Thanks very much w2aew! I posted this question on the Fox tango forum, a place dedicated to old valve or valve hybrid Yaesu gear, and someone has come back who owns one of these boat anchors and says he thinks it is the retrace blanking capacitor leaking, or the amp? So it appears this should NOT be happening. As i think it reads IF from the transceiver I can't see how it can give a usable trace at that sort of frequency with no retrace blanking, thinking about it. Cheers. Liked your last video on YT re cable length testing, please keep them coming, I learn from each and every one. Just fixing up a job lot of plugins I found for my new old stock 7633 :) Luckily only issues so far seem to be broken knobs and a broken "quill shaft".

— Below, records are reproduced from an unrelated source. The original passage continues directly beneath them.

lemma gap_le_step: obtains A where "A > 0" "\<And>k. gap k \<le> A * norm (x (Suc k) - x k)"
proof -
  obtain L where L: "\<And>k. norm (s k) \<le> L" using subgradients_bounded by blast
  obtain Q where Q: "Q \<ge> 0" "\<And>k. gap k \<le> Q * g (x k)" using gap_le_value by blast
  have "gap k \<le> (Q * L + 1) * norm (x (Suc k) - x k)" for k
  proof -
    have "gap k \<le> Q * (norm (s k) * norm (x (Suc k) - x k))"
      using Q value_le_step[of k] by (meson mult_left_mono order_trans)
    also have "\<dots> \<le> Q * (L * norm (x (Suc k) - x k))"
      using Q L[of k] by (simp add: mult_left_mono mult_right_mono)
    finally have "gap k \<le> Q * L * norm (x (Suc k) - x k)" by (simp add: algebra_simps)
    then show ?thesis by (simp add: distrib_right add_increasing2)
  qed
  moreover have "Q * L + 1 > 0" using Q order_trans[OF norm_ge_zero L[of 0]] by (simp add: add_nonneg_pos)
  ultimately show ?thesis using that by blast
qed

lemma gap_decrease_by_step:
  assumes "k \<ge> 1"
  shows "gap (Suc k) \<le> gap k - (norm (x (Suc k) - x k))\<^sup>2"
proof -
  obtain j where j: "k = Suc j" using assms by (cases k) auto
  have "x (Suc k) \<in> H k" using x_Suc_in_cut[of k] by simp
  then have "inner (xbar - x k) (x (Suc k) - x k) \<le> 0" using Hstep[of j] j by simp
  from norm_diff_sq_ge_halfspace[OF this] show ?thesis unfolding gap_def by linarith
qed

lemma gap_rate: obtains M where "\<And>k. k \<ge> 1 \<Longrightarrow> gap k \<le> M / real k"
proof -
  obtain A where A: "A > 0" "\<And>k. gap k \<le> A * norm (x (Suc k) - x k)" using gap_le_step by blast
  have "gap (Suc k) \<le> gap k - (1 / A\<^sup>2) * (gap k)\<^sup>2" if "k \<ge> 1" for k
  proof -
    have "(gap k)\<^sup>2 \<le> (A * norm (x (Suc k) - x k))\<^sup>2"
      using A(2)[of k] gap_nonneg[of k] by (rule power_mono)
    then have "(1 / A\<^sup>2) * (gap k)\<^sup>2 \<le> (norm (x (Suc k) - x k))\<^sup>2"
      using A(1) by (simp add: field_simps power_mult_distrib)
    then show ?thesis using gap_decrease_by_step[OF that] by simp
  qed
  with A(1) gap_nonneg show ?thesis
    using quadratic_decrease_rate[of "1 / A\<^sup>2" gap] that by force
qed

end

theorem mainTheorem3:
  fixes g :: "'a::euclidean_space \<Rightarrow> real"
    and xbar c0 :: 'a and b :: real
    and x s :: "nat \<Rightarrow> 'a" and H :: "nat \<Rightarrow> 'a set"
  assumes conv: "convex_on UNIV g"
    and minneg: "\<exists>z. (\<forall>y. g z \<le> g y) \<and> g z < 0"
    and H0: "H 0 = {y. inner c0 y \<le> b}"
    and CH0: "{y. g y \<le> 0} \<subseteq> H 0"
    and x0: "x 0 = xbar"
    and sub: "\<And>k. s k \<in> subdifferential g (x k)"
    and step: "\<And>k. x (Suc k) =
        closest_point (H k \<inter> {y. g (x k) + inner (y - x k) (s k) \<le> 0}) xbar"
    and Hstep: "\<And>k. H (Suc k) = {y. inner (xbar - x (Suc k)) (y - x (Suc k)) \<le> 0}"
    and pos: "\<And>k. g (x k) > 0"
  shows "\<exists>M. \<forall>k\<ge>1.
     (infdist xbar {y. g y \<le> 0})\<^sup>2 - (norm (xbar - x k))\<^sup>2 \<le> M / real k"
proof -
  interpret halfspace_subgradient_projection g xbar c0 b x s H
    using assms by unfold_locales
  obtain M where "\<And>k. k \<ge> 1 \<Longrightarrow> gap k \<le> M / real k" using gap_rate by blast
  then show ?thesis unfolding gap_def by blast
qed

end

I took a brief look through the schematic in the manual that you linked.  The quality of the schematic in that manual isn't great, but I didn't see any evidence of any retrace blanking.  It could be that it doesn't have any, since most of the time a station monitor like this is typically used a fairly low sweep speeds, where the retrace is so much faster than the main sweep that the beam is nearly invisible during retrace.  It's only when you start cranking up the sweep speed that the retrace can be seen.

I have a Kenwood SM-220 station monitor (similar to the Yaesu that you have), and I can observe the same retrace when at the fastest sweep speeds.  This unit has retrace blanking through a simple cap from the horizontal oscillator to the intensity grid, which works well until you get to the fastest possible sweep where you get about 1/2 of the retrace visible.